Achievement Gaps

Kendrè Crawford- Blue
Junior, UPrep


Race is the ultimate outcome in today’s public education system.

Especially with more than half of  Pittsburgh’s Public School district being African American, 55% to be exact. With the achievement gap being one of the five key focus points of The State of the District meeting it seems to be one of the most critical areas of interest. Studies show that from the 2008-09 to the 2011-12 school years on average 30% more white students have been “Promise-Ready”  or meet the 2.5 GPA 90% attendance requirement. That’s the bare minimum. If they’re in the same classroom, learning the same curriculum how is that even possible? 

The District sets out plenty of plans to decrease this gap but the gap doesn’t seem to budge. You set these goals that should be achieved within a certain amount of years but what about the African American kids who are in school now. If you don’t do something now more and more kids will slowly fall behind. What about my niece and nephews who are the future of not only you but me as well? You shouldn’t have to have professional development for teachers to better understand how to teach a black kid. Race is a significant issue but why does it always have to come down to a black student and a white student. You now want to implement these effective teacher plans but if you would have done that years and years ago race wouldn’t be an issue. 

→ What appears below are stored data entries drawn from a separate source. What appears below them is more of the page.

lemma ptrace_entry_ptrace_lift:
  assumes "i < length ds" "a < fst (ds ! i)" "a' < fst (ds ! i)" "0 < snd (ds ! i)"
  shows "ptrace_entry ds (ptrace_lift ds Y) i a a' = Y $$ (left_index ds i a, left_index ds i a')"
  using assms unfolding ptrace_entry_def by (simp add: index_ptrace_lift)

lemma mtrace_ptrace_lift:
  assumes pos: "\<And>i. i < length ds \<Longrightarrow> 0 < snd (ds ! i)"
    and Y: "Y \<in> carrier_mat (sum_list (left_dims ds)) (sum_list (left_dims ds))"
  shows "mtrace (ptrace_lift ds Y) = mtrace Y"
  using Y ptrace_lift_carrier[of ds Y] unfolding mtrace_def
  by (simp add: sum_lessThan_block_dims sum_lessThan_left_dims index_ptrace_lift pos)

lemma partial_trace_vN_ptrace_lift:
  assumes V: "V \<in> carrier_mat N N" "V * mat_adjoint V = 1\<^sub>m N" and N: "sum_list (block_dims ds) = N"
    and pos: "\<And>i. i < length ds \<Longrightarrow> 0 < snd (ds ! i)" and Y: "Y \<in> block_alg (left_dims ds)"
  shows "partial_trace_vN V ds (mat_adjoint V * ptrace_lift ds Y * V) = Y"
proof -
  obtain Ms where Ms: "square_blocks Ms (left_dims ds)" "Y = diag_block_mat Ms"
    using Y unfolding block_alg_iff by blast
  have "V * (mat_adjoint V * ptrace_lift ds Y * V) * mat_adjoint V = ptrace_lift ds Y"
    using V N ptrace_lift_carrier[of ds Y] unitary_cancel_left[of "mat_adjoint V" N]
    by (simp add: assoc_mult_mat[of _ N N _ N _ N])
  then show ?thesis
    using Ms pos
    by (intro mat_eq_blocksI[OF partial_trace_vN_carrier block_alg_carrier[OF Y]])
      (auto simp: index_partial_trace_vN ptrace_entry_ptrace_lift index_diag_block_mat_blocks)
qed

definition kraus_indices :: "(nat \<times> nat) list \<Rightarrow> (nat \<times> nat) set" where
  "kraus_indices ds = Sigma {..<length ds} (\<lambda>i. {..<snd (ds ! i)})"

lemma finite_kraus_indices [simp]: "finite (kraus_indices ds)"
  unfolding kraus_indices_def by auto

lemma sum_kraus_indices: "(\<Sum>ib\<in>kraus_indices ds. f ib) = (\<Sum>i<length ds. \<Sum>b<snd (ds ! i). f (i, b))"
  unfolding kraus_indices_def by (simp add: sum.Sigma)

text \<open>The Kraus operator of index (i, b) maps the basis vector a \<otimes> b of the i-th block to the
  basis vector a of the i-th block of the reduced space.\<close>
definition ptrace_kraus :: "(nat \<times> nat) list \<Rightarrow> nat \<times> nat \<Rightarrow> nat \<Rightarrow> nat \<Rightarrow> complex" where
  "ptrace_kraus ds ib p x =
    (if \<exists>a<fst (ds ! fst ib). p = left_index ds (fst ib) a \<and> x = tensor_index ds (fst ib) a (snd ib) then 1 else 0)"

lemma index_ptrace_kraus:
  assumes "i0 < length ds" "b0 < snd (ds ! i0)" "i < length ds" "a < fst (ds ! i)"
    and "i1 < length ds" "a1 < fst (ds ! i1)" "b1 < snd (ds ! i1)"
  shows "ptrace_kraus ds (i0, b0) (left_index ds i a) (tensor_index ds i1 a1 b1) =
    (if i0 = i \<and> i1 = i \<and> a1 = a \<and> b1 = b0 then 1 else 0)"
  using assms block_start_add_eq_iff[of i "left_dims ds" i0 a] tensor_index_eq_iff[of i1 ds a1 b1 i0 _ b0]
  unfolding ptrace_kraus_def by auto

lemma partial_trace_vN_eq_kraus:
  "partial_trace_vN V ds X = kraus (kraus_indices ds) (sum_list (left_dims ds)) (sum_list (block_dims ds))
     (ptrace_kraus ds) (V * X * mat_adjoint V)"
proof (rule mat_eq_blocksI[OF partial_trace_vN_carrier kraus_carrier])
  fix i j a a' assume "i < length (left_dims ds)" "j < length (left_dims ds)"
    "a < left_dims ds ! i" "a' < left_dims ds ! j"
  then show "partial_trace_vN V ds X $$ (left_index ds i a, left_index ds j a') =
    kraus (kraus_indices ds) (sum_list (left_dims ds)) (sum_list (block_dims ds)) (ptrace_kraus ds)
      (V * X * mat_adjoint V) $$ (left_index ds i a, left_index ds j a')"
    by (simp add: index_partial_trace_vN ptrace_entry_def kraus_def block_start_add_less sum_kraus_indices
        sum_lessThan_block_dims index_ptrace_kraus if_conn(1) if_distrib[of "\<lambda>x. x * _"]
        if_distrib[of "\<lambda>x. _ * x"] if_distrib[of cnj] sum_if_zero sum.delta sum.delta' cong: if_cong)
qed

definition lift_scale :: "nat \<Rightarrow> complex" where
  "lift_scale d = complex_of_real (1 / sqrt (real d))"

lemma lift_scale_mult_cnj: "lift_scale d * cnj (lift_scale d) = 1 / of_nat d"
  unfolding lift_scale_def by (simp flip: of_real_mult)

definition lift_kraus :: "(nat \<times> nat) list \<Rightarrow> nat \<times> nat \<Rightarrow> nat \<Rightarrow> nat \<Rightarrow> complex" where
  "lift_kraus ds ib x p = lift_scale (snd (ds ! fst ib)) * ptrace_kraus ds ib p x"

lemma ptrace_lift_eq_kraus:
  "ptrace_lift ds Y = kraus (kraus_indices ds) (sum_list (block_dims ds)) (sum_list (left_dims ds)) (lift_kraus ds) Y"
proof (rule mat_eq_tensor_blocksI[OF ptrace_lift_carrier kraus_carrier])
  fix i j a a' b b' assume "i < length ds" "j < length ds" "a < fst (ds ! i)" "b < snd (ds ! i)"
    "a' < fst (ds ! j)" "b' < snd (ds ! j)"
  then show "ptrace_lift ds Y $$ (tensor_index ds i a b, tensor_index ds j a' b') =
    kraus (kraus_indices ds) (sum_list (block_dims ds)) (sum_list (left_dims ds)) (lift_kraus ds) Y
      $$ (tensor_index ds i a b, tensor_index ds j a' b')"
    by (simp add: index_ptrace_lift kraus_def lift_kraus_def tensor_index_less sum_kraus_indices
        sum_lessThan_left_dims index_ptrace_kraus if_conn(1) if_distrib[of "\<lambda>x. x * _"]
        if_distrib[of "\<lambda>x. _ * x"] if_distrib[of cnj] sum_if_zero sum.delta sum.delta' cong: if_cong)
      (auto simp: divide_inverse mult_ac lift_scale_mult_cnj[unfolded divide_inverse mult_1, symmetric])
qed

lemma heisenberg_semicausal_conj_commutant:
  assumes U: "unitary_mat n n U" and A: "A \<subseteq> carrier_mat n n" and B: "B \<subseteq> carrier_mat n n"
    and H: "heisenberg_semicausal U A B" and Ao: "Ao \<in> A"
  shows "U * Ao * mat_adjoint U \<in> commutant n B"
proof -
  note assoc = assoc_mult_mat[of _ n n _ n _ n]
  have U: "U \<in> carrier_mat n n" "U * mat_adjoint U = 1\<^sub>m n"
    using unitary_matD[OF U] by auto
  have Aoc: "Ao \<in> carrier_mat n n" using A Ao by auto
  have "U * Ao * mat_adjoint U * Bo = Bo * (U * Ao * mat_adjoint U)" if Bo: "Bo \<in> B" for Bo
  proof -
    have Boc: "Bo \<in> carrier_mat n n" using B Bo by auto
    have "U * Ao * mat_adjoint U * Bo = U * (Ao * (mat_adjoint U * Bo * U)) * mat_adjoint U"
      using U Aoc Boc by (simp add: assoc)
    also have "\<dots> = U * ((mat_adjoint U * Bo * U) * Ao) * mat_adjoint U"
      using H Bo Ao unfolding heisenberg_semicausal_def by simp
    also have "\<dots> = Bo * (U * Ao * mat_adjoint U)"
      using U Aoc Boc unitary_cancel_left[of "mat_adjoint U" n _ n] by (simp add: assoc)
    finally show ?thesis .
  qed
  then show ?thesis unfolding commutant_def using U Aoc by auto
qed

lemma heisenberg_semicausal_conj_bicommutant:
  assumes U: "unitary_mat n n U" and A: "A \<subseteq> carrier_mat n n" and B: "B \<subseteq> carrier_mat n n"
    and H: "heisenberg_semicausal U A B" and D: "D \<in> commutant n (commutant n B)"
  shows "mat_adjoint U * D * U \<in> commutant n A"
proof -
  note assoc = assoc_mult_mat[of _ n n _ n _ n]
  have Uc: "U \<in> carrier_mat n n" "mat_adjoint U * U = 1\<^sub>m n"
    using unitary_matD[OF U] by auto
  have Dc: "D \<in> carrier_mat n n" using D by (rule commutant_carrier)
  have "mat_adjoint U * D * U * Ao = Ao * (mat_adjoint U * D * U)" if Ao: "Ao \<in> A" for Ao
  proof -
    have Aoc: "Ao \<in> carrier_mat n n" using A Ao by auto
    have "D * (U * Ao * mat_adjoint U) = (U * Ao * mat_adjoint U) * D"
      using D heisenberg_semicausal_conj_commutant[OF U A B H Ao] unfolding commutant_def by auto
    then have "mat_adjoint U * (D * (U * Ao * mat_adjoint U)) * U = mat_adjoint U * ((U * Ao * mat_adjoint U) * D) * U"
      by simp
    then show ?thesis
      using Uc Aoc Dc unitary_cancel_left[OF Uc, of _ n] by (simp add: assoc)
  qed
  then show ?thesis unfolding commutant_def using Uc Dc by auto
qed

lemma cptp_map_zero:
  assumes "cptp_map ds es \<Phi>"
  shows "\<Phi> (0\<^sub>m (sum_list ds) (sum_list ds)) = 0\<^sub>m (sum_list es) (sum_list es)"
proof -
  let ?Z = "0\<^sub>m (sum_list ds) (sum_list ds)"
  have carrier: "\<Phi> ?Z \<in> carrier_mat (sum_list es) (sum_list es)"
    using assms zero_mem_block_alg unfolding cptp_map_def by (blast intro: block_alg_carrier)
  have "(0 :: complex) \<cdot>\<^sub>m ?Z + 0 \<cdot>\<^sub>m ?Z = ?Z" by (rule eq_matI) auto
  then have "\<Phi> ?Z = 0 \<cdot>\<^sub>m \<Phi> ?Z + 0 \<cdot>\<^sub>m \<Phi> ?Z"
    using assms zero_mem_block_alg unfolding cptp_map_def by metis
  also have "\<dots> = 0\<^sub>m (sum_list es) (sum_list es)"
    using carrier by (intro eq_matI) auto
  finally show ?thesis .
qed
(* Let $\mathbf{k}$ be an arbitrary field and $\sigma\subset N_{\mathbb{Q}}$ a nonzero strongly convex polyhedral cone. Every nontrivial homogeneous LFIHD $\partial$ on $\mathbf{k}[\sigma^\vee\cap M]$ is of the following form: there are a Demazure root $e$ of $\sigma$ with distinguished ray $\rho$ and $\lambda\in\mathbf{k}^*$ such that for all $i\in\mathbb{N}$ and $m\in\sigma^\vee\cap M$, $\partial^{(i)}(\chi^m)=\lambda^i\binom{\langle m,\rho\rangle}{i}\chi^{m+ie}$ (with $\binom{a}{b}=0$ for $a<b$). Conversely, each such pair $(e,\lambda)$ defines a nontrivial homogeneous LFIHD of degree $e$.
   Context: An LFIHD on a $\mathbf{k}$-algebra $A$ is a sequence $(\partial^{(i)})_{i\in\mathbb{N}}$ of $\mathbf{k}$-linear maps with $\partial^{(0)}=\mathrm{id}$, the Leibniz rule $\partial^{(i)}(fg)=\sum_{j=0}^i\partial^{(j)}(f)\partial^{(i-j)}(g)$, local finiteness (for each $f$, $\partial^{(i)}(f)=0$ for $i\gg0$), and iterativity $\partial^{(i)}\circ\partial^{(j)}=\binom{i+j}{i}\partial^{(i+j)}$; it corresponds to a $\mathbb{G}_a$-action on $\operatorname{Spec}A$. It is trivial if all $\partial^{(i)}$, $i>0$, vanish. For $M$-graded $A$, it is homogeneous of degree $e\in M$ if $\partial^{(i)}(A_m)\subset A_{m+ie}$. A Demazure root of $\sigma$ is $e\in M$ with a ray $\rho$ of $\sigma$ (identified with its primitive vector) such that $\langle e,\rho\rangle=-1$ and $\langle e,\rho'\rangle\ge0$ for all other rays $\rho'$; $\rho$ is the distinguished ray. *)

theory Defs
  imports "HOL-Library.Poly_Mapping" "HOL-Analysis.Finite_Cartesian_Product"
begin

text \<open>Lattice N = Z^n (type int^'n), dual lattice M = Z^n with the standard pairing;
  N_Q = Q^n (type rat^'n).\<close>

definition ivec_to_rat :: "int^'n \<Rightarrow> rat^'n" where
  "ivec_to_rat v = (\<chi> i. of_int (v $ i))"

definition pair_MNQ :: "int^'n \<Rightarrow> rat^'n \<Rightarrow> rat" where
  "pair_MNQ m u = (\<Sum>i\<in>UNIV. of_int (m $ i) * u $ i)"

definition pair_MN :: "int^'n \<Rightarrow> int^'n \<Rightarrow> int" where
  "pair_MN m u = (\<Sum>i\<in>UNIV. m $ i * u $ i)"

definition pair_QQ :: "rat^'n \<Rightarrow> rat^'n \<Rightarrow> rat" where
  "pair_QQ m u = (\<Sum>i\<in>UNIV. m $ i * u $ i)"

definition polyhedral_cone :: "(rat^'n) set \<Rightarrow> bool" where
  "polyhedral_cone \<sigma> \<longleftrightarrow> (\<exists>G. finite G \<and>
      \<sigma> = {(\<Sum>g\<in>G. c g *s g) | c. \<forall>g\<in>G. c g \<ge> 0})"

definition strongly_convex :: "(rat^'n) set \<Rightarrow> bool" where
  "strongly_convex \<sigma> \<longleftrightarrow> \<sigma> \<inter> uminus ` \<sigma> = {0}"

definition dual_cone :: "(rat^'n) set \<Rightarrow> (rat^'n) set" where
  "dual_cone \<sigma> = {m. \<forall>u\<in>\<sigma>. pair_QQ m u \<ge> 0}"

definition dual_lattice_points :: "(rat^'n) set \<Rightarrow> (int^'n) set" where
  "dual_lattice_points \<sigma> = {m. \<forall>u\<in>\<sigma>. pair_MNQ m u \<ge> 0}"

definition primitive :: "int^'n \<Rightarrow> bool" where
  "primitive v \<longleftrightarrow> v \<noteq> 0 \<and> (\<forall>(k::int) w. v = k *s w \<longrightarrow> \<bar>k\<bar> = 1)"

text \<open>A ray of \<sigma> (one-dimensional face), identified with its primitive lattice generator.\<close>
definition is_ray :: "(rat^'n) set \<Rightarrow> int^'n \<Rightarrow> bool" where
  "is_ray \<sigma> \<rho> \<longleftrightarrow> primitive \<rho> \<and>
     (\<exists>m\<in>dual_cone \<sigma>. \<sigma> \<inter> {u. pair_QQ m u = 0} = {t *s ivec_to_rat \<rho> | t. t \<ge> 0})"

definition demazure_root :: "(rat^'n) set \<Rightarrow> int^'n \<Rightarrow> int^'n \<Rightarrow> bool" where
  "demazure_root \<sigma> e \<rho> \<longleftrightarrow> is_ray \<sigma> \<rho> \<and> pair_MN e \<rho> = -1 \<and>
     (\<forall>\<rho>'. is_ray \<sigma> \<rho>' \<and> \<rho>' \<noteq> \<rho> \<longrightarrow> pair_MN e \<rho>' \<ge> 0)"

text \<open>The algebra k[S] for S = \<sigma>^\<or> \<inter> M is the subalgebra of the group algebra
  k[M] (finitely supported functions M -> k) of elements supported in S.\<close>
definition semigroup_alg :: "(int^'n) set \<Rightarrow> (int^'n \<Rightarrow>\<^sub>0 'k::field) set" where
  "semigroup_alg S = {f. Poly_Mapping.keys f \<subseteq> S}"

definition chi :: "int^'n \<Rightarrow> (int^'n \<Rightarrow>\<^sub>0 'k::field)" where
  "chi m = Poly_Mapping.single m 1"

definition scal :: "'k::field \<Rightarrow> (int^'n \<Rightarrow>\<^sub>0 'k) \<Rightarrow> (int^'n \<Rightarrow>\<^sub>0 'k)" where
  "scal c f = Poly_Mapping.single 0 c * f"

text \<open>Locally finite iterative higher derivation on k[S]; the maps are only relevant on k[S].\<close>
definition LFIHD :: "(int^'n) set \<Rightarrow> (nat \<Rightarrow> (int^'n \<Rightarrow>\<^sub>0 'k::field) \<Rightarrow> (int^'n \<Rightarrow>\<^sub>0 'k)) \<Rightarrow> bool" where
  "LFIHD S D \<longleftrightarrow>
     (\<forall>i. \<forall>f\<in>semigroup_alg S. D i f \<in> semigroup_alg S) \<and>
     (\<forall>i. \<forall>f\<in>semigroup_alg S. \<forall>g\<in>semigroup_alg S. D i (f + g) = D i f + D i g) \<and>
     (\<forall>i c. \<forall>f\<in>semigroup_alg S. D i (scal c f) = scal c (D i f)) \<and>
     (\<forall>f\<in>semigroup_alg S. D 0 f = f) \<and>
     (\<forall>i. \<forall>f\<in>semigroup_alg S. \<forall>g\<in>semigroup_alg S.
         D i (f * g) = (\<Sum>j\<le>i. D j f * D (i - j) g)) \<and>
     (\<forall>f\<in>semigroup_alg S. finite {i. D i f \<noteq> 0}) \<and>
     (\<forall>i j. \<forall>f\<in>semigroup_alg S. D i (D j f) = scal (of_nat ((i + j) choose i)) (D (i + j) f))"

definition trivial_HD :: "(int^'n) set \<Rightarrow> (nat \<Rightarrow> (int^'n \<Rightarrow>\<^sub>0 'k::field) \<Rightarrow> (int^'n \<Rightarrow>\<^sub>0 'k)) \<Rightarrow> bool" where
  "trivial_HD S D \<longleftrightarrow> (\<forall>i>0. \<forall>f\<in>semigroup_alg S. D i f = 0)"

definition homogeneous_of_degree :: "(int^'n) set \<Rightarrow> (nat \<Rightarrow> (int^'n \<Rightarrow>\<^sub>0 'k::field) \<Rightarrow> (int^'n \<Rightarrow>\<^sub>0 'k)) \<Rightarrow> int^'n \<Rightarrow> bool" where
  "homogeneous_of_degree S D e \<longleftrightarrow>
     (\<forall>i. \<forall>m\<in>S. Poly_Mapping.keys (D i (chi m)) \<subseteq> {m + int i *s e})"

end

theory Submission
  imports Defs "HOL-Computational_Algebra.Polynomial"
begin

If you would stop and find out what’s best for us students then maybe something would change. Closing school after school and pushing students into neighborhood schools that aren’t their own isn’t helping. Stop preparing our district for show and tell. Don’t worry about the people on the outside looking in. Worry about the students on the inside struggling to make it out.
 

I’m tired of race always being the first and last thing being thrown on the table. I’m a young black African American female who just happens to be above the measly 2.5 GPA Promise Ready requirements. Even though you have waited so long to realize that these gaps aren’t a joke I still commend you. 

The District’s slogan is “The Pathway to the Promise.” You throw on our report card whether we’re “Promise-Ready” or not and expect us to meet these average standards. You don’t throw out any challenges. Here we are Junior year, crunch time. With most students being the first in their family to go to college, they are only left with whether they are “Promise-Ready” or not. 

I commend you for implementing these many plans, but there’s so much more to it. Once again if you would stop preparing our district for show and tell then you would understand continually changing the District’s curricula, giving teachers a little PD, and telling whether we meet some witless standards is not what’s going to give you an effective first choice district. Stop blaming family background and newbie hood involvement. Just consider the student for just two seconds. Consider the fact that students will be in your place one day. Students are your future. Come a little harder if you really want to make a change. We want an educated diverse world. We all want to be on the Pathway to and past the Promise.